(* Let $M^2$ be a strongly regular minimal surface of general type in $\mathbb R^4$ parameterized by canonical parameters $(u,v)$ (semi-canonical with $E=G=|\mu^2-\nu^2|^{-1/2}$). Then $$\gamma_1=\big(|\mu^2-\nu^2|^{1/4}\big)_v,\quad \gamma_2=\big(|\mu^2-\nu^2|^{1/4}\big)_u,\quad \beta_1=-|\mu^2-\nu^2|^{1/4}\Big(\ln\sqrt{\big|\tfrac{\mu+\nu}{\mu-\nu}\big|}\Big)_v,\quad \beta_2=|\mu^2-\nu^2|^{1/4}\Big(\ln\sqrt{\big|\tfrac{\mu+\nu}{\mu-\nu}\big|}\Big)_u,$$ and the invariants $\mu,\nu$ satisfy $$\tfrac14\sqrt{|\mu^2-\nu^2|}\,\Delta\ln|\mu^2-\nu^2|+\nu^2+\mu^2=0,\qquad \tfrac12\sqrt{|\mu^2-\nu^2|}\,\Delta\ln\Big|\frac{\mu+\nu}{\mu-\nu}\Big|+2\nu\mu=0,$$ where $\Delta=\partial_u^2+\partial_v^2$. Equivalently, in terms of $K$ and $\varkappa$: $\tfrac18(K^2-\varkappa^2)^{1/4}\Delta\ln(K^2-\varkappa^2)-K=0$ and $\tfrac14(K^2-\varkappa^2)^{1/4}\Delta\ln\frac{K-\varkappa}{K+\varkappa}+\varkappa=0$.
   Context: $\mathbb R^4$ carries the standard metric $g=\langle\cdot,\cdot\rangle$ and flat connection $\nabla'$; everything is smooth and local. For a regular surface $M^2: z=z(u,v)$ let $E,F,G$ be the first fundamental form coefficients, $\sigma$ the second fundamental form, $K$ the Gauss curvature, and $\varkappa$ the curvature of the normal connection, $\varkappa=g(R^\perp(x,y)n_2,n_1)$ for a positively oriented orthonormal frame $(x,y,n_1,n_2)$ with $x,y$ tangent. Minimal means $\sigma(x,x)+\sigma(y,y)=0$ for orthonormal tangent $x,y$. A minimal surface is of general type if $K^2-\varkappa^2>0$ and $\varkappa\neq0$ everywhere. The ellipse of curvature at $p$ is $\{\sigma(v,v): v\in T_pM^2,\ |v|=1\}$; a tangent line is canonical if it is collinear with an axis of this ellipse. The geometric frame is a positively oriented orthonormal frame $\{x,y,n_1,n_2\}$ with $x,y$ canonical tangent fields and $n_1,n_2$ normal, satisfying $\nabla'_xx=\gamma_1y+\nu n_1$, $\nabla'_xy=-\gamma_1x+\mu n_2$, $\nabla'_yx=-\gamma_2y+\mu n_2$, $\nabla'_yy=\gamma_2x-\nu n_1$, $\nabla'_xn_1=-\nu x+\beta_1n_2$, $\nabla'_yn_1=\nu y+\beta_2n_2$, $\nabla'_xn_2=-\mu y-\beta_1n_1$, $\nabla'_yn_2=-\mu x-\beta_2n_1$, with $\mu>0$, $\nu\ne0$, $\mu^2\ne\nu^2$; the functions $\nu,\mu,\gamma_1,\gamma_2,\beta_1,\beta_2$ are the invariants of $M^2$ (and $K=-(\mu^2+\nu^2)$, $\varkappa=2\nu\mu$). Parameters $(u,v)$ are semi-canonical if the parametric lines are integral curves of the canonical tangents, with $F=0$, $x=z_u/\sqrt E$, $y=z_v/\sqrt G$; then $\gamma_1=-y(\ln\sqrt E)$, $\gamma_2=-x(\ln\sqrt G)$. A minimal surface of general type is strongly regular if $\gamma_1\gamma_2\neq0$ everywhere. *)

theory Defs
  imports "HOL-Analysis.Analysis"
begin

text \<open>Parameter domain: an open subset U of the (u,v)-plane, points are pairs (u,v).
  Surfaces and vector fields along them are maps into real^4 (standard metric = inner product).\<close>

definition pu :: "(real \<times> real \<Rightarrow> 'a::real_normed_vector) \<Rightarrow> real \<times> real \<Rightarrow> 'a" where
  "pu f p = vector_derivative (\<lambda>t. f (t, snd p)) (at (fst p))"

definition pv :: "(real \<times> real \<Rightarrow> 'a::real_normed_vector) \<Rightarrow> real \<times> real \<Rightarrow> 'a" where
  "pv f p = vector_derivative (\<lambda>t. f (fst p, t)) (at (snd p))"
definition additive_subfunctor ::
  "('o, 'm, 'e, 'z) extri_scheme \<Rightarrow> ('o \<Rightarrow> 'o \<Rightarrow> 'e set) \<Rightarrow> bool" where
  "additive_subfunctor CC F \<longleftrightarrow>
     (\<forall>C\<in>ob CC. \<forall>A\<in>ob CC.
        subgroup (F C A) \<lparr>carrier = ext CC C A, mult = eadd CC, one = ezero CC C A\<rparr>) \<and>
     (\<forall>C\<in>ob CC. \<forall>A\<in>ob CC. \<forall>A'\<in>ob CC. \<forall>a\<in>hom CC A A'. \<forall>d\<in>F C A.
        push CC a d \<in> F C A') \<and>
     (\<forall>C\<in>ob CC. \<forall>C'\<in>ob CC. \<forall>A\<in>ob CC. \<forall>c\<in>hom CC C' C. \<forall>d\<in>F C A.
        pull CC c d \<in> F C' A)"

definition F_triangle ::
  "('o, 'm, 'e, 'z) extri_scheme \<Rightarrow> ('o \<Rightarrow> 'o \<Rightarrow> 'e set) \<Rightarrow>
   'o \<Rightarrow> 'o \<Rightarrow> 'e \<Rightarrow> 'o \<Rightarrow> 'm \<Rightarrow> 'm \<Rightarrow> bool" where
  "F_triangle CC F C A d B x y \<longleftrightarrow> real CC C A d B x y \<and> d \<in> F C A"

definition F_phantom ::
  "('o, 'm, 'e, 'z) extri_scheme \<Rightarrow> ('o \<Rightarrow> 'o \<Rightarrow> 'e set) \<Rightarrow> 'o \<Rightarrow> 'o \<Rightarrow> 'm \<Rightarrow> bool" where
  "F_phantom CC F X C phi \<longleftrightarrow> phi \<in> hom CC X C \<and>
     (\<forall>A\<in>ob CC. \<forall>d\<in>ext CC C A. pull CC phi d \<in> F X A)"
subsection \<open>Pollak's cyclic argument\<close>

lemma cycle_lemma:
  fixes T :: "nat \<Rightarrow> int"
  assumes M: "0 < M" and period: "\<And>j. T (j + M) = T j - 1"
  shows "\<exists>!d. d < M \<and> (\<forall>i\<in>{1..<M}. T d \<le> T (d + i))"
proof -
  define \<mu> where "\<mu> = Min (T ` {..<M})"
  have \<mu>_le: "\<mu> \<le> T j" if "j < M" for j unfolding \<mu>_def using that by simp
  have "\<mu> \<in> T ` {..<M}" unfolding \<mu>_def using M by (intro Min_in) auto
  then have ex: "\<exists>j. j < M \<and> T j = \<mu>" by auto
  define d where "d = (LEAST j. j < M \<and> T j = \<mu>)"
  have d: "d < M" "T d = \<mu>" using LeastI_ex[OF ex] unfolding d_def by auto
  have before_d: "\<mu> < T j" if "j < d" for j
    using not_less_Least[OF that[unfolded d_def]] \<mu>_le[of j] that d by fastforce
  have d_good: "T d \<le> T (d + i)" if "i \<in> {1..<M}" for i
  proof (cases "d + i < M")
    case False
    then have "d + i = (d + i - M) + M" "d + i - M < d" using that by auto
    then show ?thesis using before_d[of "d + i - M"] period[of "d + i - M"] d by simp
  qed (use \<mu>_le d in simp)
  show ?thesis
  proof (rule ex1I[of _ d])
    fix d' assume d': "d' < M \<and> (\<forall>i\<in>{1..<M}. T d' \<le> T (d' + i))"
    show "d' = d"
    proof (rule ccontr)
      assume "d' \<noteq> d"
      then consider "d' < d" | "d < d'" by linarith
      then show False
      proof cases
        case 1
        then have "T d' \<le> T (d' + (d - d'))" using d' d by (intro d'[THEN conjunct2, rule_format]) auto
        then show False using before_d[OF 1] d 1 by simp
      next
        case 2
        then have "T d' \<le> T (d' + (d + M - d'))" using d' d by (intro d'[THEN conjunct2, rule_format]) auto
        then show False using period[of d] d \<mu>_le[of d'] d' 2 by simp
      qed
    qed
  qed (use d d_good in auto)
qed

definition shift_mod :: "nat \<Rightarrow> 'a set \<Rightarrow> nat \<Rightarrow> ('a \<Rightarrow> nat) \<Rightarrow> 'a \<Rightarrow> nat" where
  "shift_mod M I c f = restrict (\<lambda>t. (f t + c - 1) mod M + 1) I"

lemma shift_mod_PiE: "0 < M \<Longrightarrow> shift_mod M I c f \<in> I \<rightarrow>\<^sub>E {1..M}"
  unfolding shift_mod_def by (auto simp: Suc_le_eq)

lemma shift_mod_shift_mod:
  assumes f: "f \<in> I \<rightarrow>\<^sub>E {1..M}" and "a + b = M"
  shows "shift_mod M I a (shift_mod M I b f) = f"
proof
  fix t
  show "shift_mod M I a (shift_mod M I b f) t = f t"
  proof (cases "t \<in> I")
    case True
    define x where "x = f t - 1"
    have x: "f t = x + 1" "x < M" using PiE_mem[OF f True] by (auto simp: x_def)
    have "((x + b) mod M + a) mod M = (x + b + a) mod M" by (simp add: mod_add_left_eq)
    also have "x + b + a = x + M" using \<open>a + b = M\<close> by simp
    also have "(x + M) mod M = x" using \<open>x < M\<close> by simp
    finally have "((x + b) mod M + a) mod M = x" .
    then show ?thesis using True x unfolding shift_mod_def by simp
  qed (simp add: shift_mod_def PiE_arb[OF f])
qed

lemma mod_add_eq_iff:
  fixes x v c M :: nat
  assumes "x < M" "v < M" "c \<le> M"
  shows "(x + c) mod M = v \<longleftrightarrow> x = (v + (M - c)) mod M"
proof
  assume "(x + c) mod M = v"
  then have "(v + (M - c)) mod M = (x + c + (M - c)) mod M" by (metis mod_add_left_eq)
  then show "x = (v + (M - c)) mod M" using assms by simp
next
  assume "x = (v + (M - c)) mod M"
  then have "(x + c) mod M = (v + (M - c) + c) mod M" by (metis mod_add_left_eq)
  then show "(x + c) mod M = v" using assms by simp
qed

definition occ :: "nat \<Rightarrow> 'a set \<Rightarrow> ('a \<Rightarrow> nat) \<Rightarrow> nat \<Rightarrow> nat" where
  "occ M I f v = card {t\<in>I. f t = v mod M + 1}"

text \<open>
  Read from position \<open>M - c\<close>, the walk records \<open>card {t\<in>I. shift_mod M I c f t \<le> i} - i\<close>,
  so the shift by \<open>c\<close> parks iff the walk never drops below its starting value within one period.
\<close>
definition walk :: "nat \<Rightarrow> 'a set \<Rightarrow> ('a \<Rightarrow> nat) \<Rightarrow> nat \<Rightarrow> int" where
  "walk M I f j = (\<Sum>v<j. int (occ M I f v) - 1)"

lemma card_shift_mod_le:
  assumes I: "finite I" and f: "f \<in> I \<rightarrow>\<^sub>E {1..M}" and "c \<le> M" "i \<le> M"
  shows "card {t\<in>I. shift_mod M I c f t \<le> i} = (\<Sum>v<i. occ M I f (v + (M - c)))"
proof -
  have "{t\<in>I. shift_mod M I c f t \<le> i} = {t\<in>I. (f t - 1 + c) mod M < i}"
    using f by (force simp: shift_mod_def)
  then have "card {t\<in>I. shift_mod M I c f t \<le> i} = (\<Sum>v<i. card {t\<in>I. (f t - 1 + c) mod M = v})"
    using card_less_eq_sum_card_eq[OF I] by simp
  also have "\<dots> = (\<Sum>v<i. occ M I f (v + (M - c)))"
  proof (rule sum.cong)
    fix v assume "v \<in> {..<i}"
    then have "(f t - 1 + c) mod M = v \<longleftrightarrow> f t = (v + (M - c)) mod M + 1" if "t \<in> I" for t
      using mod_add_eq_iff[of "f t - 1" M v c] PiE_mem[OF f that] assms by auto
    then show "card {t\<in>I. (f t - 1 + c) mod M = v} = occ M I f (v + (M - c))"
      unfolding occ_def by (metis (lifting))
  qed simp
  finally show ?thesis .
qed
(* Let $0<q<1$, $N\in\{\tfrac12,1,\tfrac32,2,\dots\}$, $n\in\{0,1,\dots,\lfloor N\rfloor\}$, and $\alpha\in\mathbb{C}$ with $\pm q\alpha, q^2\alpha^2\notin\{q^{-j}:j\in\mathbb{Z}_{\ge0}\}$. Then for all $x\in\mathbb{C}$: $${}_4\phi_3\!\left(\begin{matrix}q^{-2n-1},\alpha^2q^{2n+2},q^{-x-N-\frac12},-q^{x-N-\frac12}\\ q\alpha,-q\alpha,q^{-2N-1}\end{matrix};q,q\right)=\frac{q^{-x-N-\frac12}-q^{x-N-\frac12}}{1-q^{-2N-1}}\;{}_4\phi_3\!\left(\begin{matrix}q^{-2n},\alpha^2q^{2n+3},q^{-2x-2N-1},q^{2x-2N-1}\\ q^2\alpha^2,q^{-2N+1},q^{-2N}\end{matrix};q^2,q^2\right).$$ (Equivalently, $R_{2n+1}(q^{-x-N-\frac12}-q^{x-N-\frac12};\alpha,\alpha,q^{-2N-2},-1\,|\,q)=\frac{q^{-x-N-\frac12}-q^{x-N-\frac12}}{1-q^{-2N-1}}R_n(q^{-2x-2N-1}+q^{2x-2N-1};\alpha^2,q,q^{-2N-2},q^{-2N-2}\,|\,q^2)$.)
   Context: $(x;q)_k=\prod_{j=0}^{k-1}(1-xq^j)$. ${}_4\phi_3\!\left(\begin{matrix}a_1,\dots,a_4\\ b_1,b_2,b_3\end{matrix};q,z\right)=\sum_{k\ge0}\frac{(a_1,\dots,a_4;q)_k}{(b_1,b_2,b_3,q;q)_k}z^k$, terminating here because of the numerator $q^{-2n-1}$ (base $q$) resp. $q^{-2n}$ (base $q^2$). $q$-Racah polynomials: $R_n(q^{-y}+\gamma\delta q^{y+1};\alpha,\beta,\gamma,\delta\,|\,q)={}_4\phi_3(q^{-n},\alpha\beta q^{n+1},q^{-y},\gamma\delta q^{y+1};\alpha q,\beta\delta q,\gamma q;q,q)$. *)

theory Defs
  imports Complex_Main
begin

definition qpoch :: "complex \<Rightarrow> complex \<Rightarrow> nat \<Rightarrow> complex" where
  "qpoch x q k = (\<Prod>j<k. (1 - x * q ^ j))"

definition cqpow :: "real \<Rightarrow> complex \<Rightarrow> complex" where
  "cqpow q z = exp (z * of_real (ln q))"

text \<open>Terminating 4phi3 whose first numerator parameter is p^(-m) (base p):
  the series is summed over k = 0..m; all further terms vanish since
  (p^(-m);p)_k = 0 for k > m.\<close>
definition phi43_term :: "nat \<Rightarrow> complex \<Rightarrow> complex \<Rightarrow> complex \<Rightarrow> complex \<Rightarrow> complex
    \<Rightarrow> complex \<Rightarrow> complex \<Rightarrow> complex \<Rightarrow> complex" where
  "phi43_term m a2 a3 a4 b1 b2 b3 p z =
     (\<Sum>k\<le>m. (qpoch (inverse (p ^ m)) p k * qpoch a2 p k * qpoch a3 p k * qpoch a4 p k)
             / (qpoch b1 p k * qpoch b2 p k * qpoch b3 p k * qpoch p p k) * z ^ k)"

end

theory Submission
  imports Defs "HOL-Computational_Algebra.Polynomial"
begin

text \<open>
  Write \<open>v = q\<^bsup>-x-N-1/2\<^esup>\<close> and \<open>c = q\<^bsup>-2N-1\<^esup>\<close>. The left-hand side is
  \<open>\<Sum>\<^sub>k a\<^sub>k (v;q)\<^sub>k (-c/v;q)\<^sub>k\<close>, the right-hand side is
  \<open>\<Sum>\<^sub>j b\<^sub>j (v - c/v) (v\<^sup>2;q\<^sup>2)\<^sub>j (c\<^sup>2/v\<^sup>2;q\<^sup>2)\<^sub>j / (1 - c)\<close>, and both are polynomials
  of degree at most \<open>2n+1\<close> in \<open>u = v - c/v\<close>. On each of the two bases the q-Racah
  difference operator in \<open>v\<close> acts lower bidiagonally, with diagonal entries \<open>\<lambda>\<^sub>k\<close> resp.
  \<open>\<lambda>\<^sub>2\<^sub>j\<^sub>+\<^sub>1\<close>, and the \<open>\<^sub>4\<phi>\<^sub>3\<close> coefficients are exactly the solutions of the resulting
  two-term recurrences; hence both sides are eigenfunctions with eigenvalue \<open>\<lambda>\<^sub>2\<^sub>n\<^sub>+\<^sub>1\<close>.
  On the grid \<open>v = q\<^sup>-\<^sup>j\<close> the eigenvalue equation is a three-term recurrence whose
  backward coefficient vanishes at \<open>v = 1\<close>, so an eigenfunction vanishing at \<open>v = 1\<close>
  vanishes at \<open>q\<^sup>0, \<dots>, q\<^bsup>-2n-1\<^esup>\<close>. Both sides equal \<open>1\<close> at \<open>v = 1\<close>, so their
  difference is a polynomial in \<open>u\<close> of degree at most \<open>2n+1\<close> with \<open>2n+2\<close> distinct roots.
\<close>

lemma qpoch_0 [simp]: "qpoch x p 0 = 1"
  by (simp add: qpoch_def)

lemma qpoch_1 [simp]: "qpoch x p (Suc 0) = 1 - x"
  by (simp add: qpoch_def)

lemma qpoch_Suc: "qpoch x p (Suc k) = qpoch x p k * (1 - x * p ^ k)"
  by (simp add: qpoch_def)

lemma qpoch_Suc_shift: "qpoch x p (Suc k) = (1 - x) * qpoch (x * p) p k"
  unfolding qpoch_def prod.lessThan_Suc_shift by (simp add: mult.assoc)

- - - - -

### What you need to do
Look back at the entries above and repeat, unchanged, every line from the line holding "(\<lambda>t. f (fst" through the line holding "define \<mu> where".

### Written answer
  "pv f p = vector_derivative (\<lambda>t. f (fst p, t)) (at (snd p))"
definition additive_subfunctor ::
  "('o, 'm, 'e, 'z) extri_scheme \<Rightarrow> ('o \<Rightarrow> 'o \<Rightarrow> 'e set) \<Rightarrow> bool" where
  "additive_subfunctor CC F \<longleftrightarrow>
     (\<forall>C\<in>ob CC. \<forall>A\<in>ob CC.
        subgroup (F C A) \<lparr>carrier = ext CC C A, mult = eadd CC, one = ezero CC C A\<rparr>) \<and>
     (\<forall>C\<in>ob CC. \<forall>A\<in>ob CC. \<forall>A'\<in>ob CC. \<forall>a\<in>hom CC A A'. \<forall>d\<in>F C A.
        push CC a d \<in> F C A') \<and>
     (\<forall>C\<in>ob CC. \<forall>C'\<in>ob CC. \<forall>A\<in>ob CC. \<forall>c\<in>hom CC C' C. \<forall>d\<in>F C A.
        pull CC c d \<in> F C' A)"

definition F_triangle ::
  "('o, 'm, 'e, 'z) extri_scheme \<Rightarrow> ('o \<Rightarrow> 'o \<Rightarrow> 'e set) \<Rightarrow>
   'o \<Rightarrow> 'o \<Rightarrow> 'e \<Rightarrow> 'o \<Rightarrow> 'm \<Rightarrow> 'm \<Rightarrow> bool" where
  "F_triangle CC F C A d B x y \<longleftrightarrow> real CC C A d B x y \<and> d \<in> F C A"

definition F_phantom ::
  "('o, 'm, 'e, 'z) extri_scheme \<Rightarrow> ('o \<Rightarrow> 'o \<Rightarrow> 'e set) \<Rightarrow> 'o \<Rightarrow> 'o \<Rightarrow> 'm \<Rightarrow> bool" where
  "F_phantom CC F X C phi \<longleftrightarrow> phi \<in> hom CC X C \<and>
     (\<forall>A\<in>ob CC. \<forall>d\<in>ext CC C A. pull CC phi d \<in> F X A)"
subsection \<open>Pollak's cyclic argument\<close>

lemma cycle_lemma:
  fixes T :: "nat \<Rightarrow> int"
  assumes M: "0 < M" and period: "\<And>j. T (j + M) = T j - 1"
  shows "\<exists>!d. d < M \<and> (\<forall>i\<in>{1..<M}. T d \<le> T (d + i))"
proof -
  define \<mu> where "\<mu> = Min (T ` {..<M})"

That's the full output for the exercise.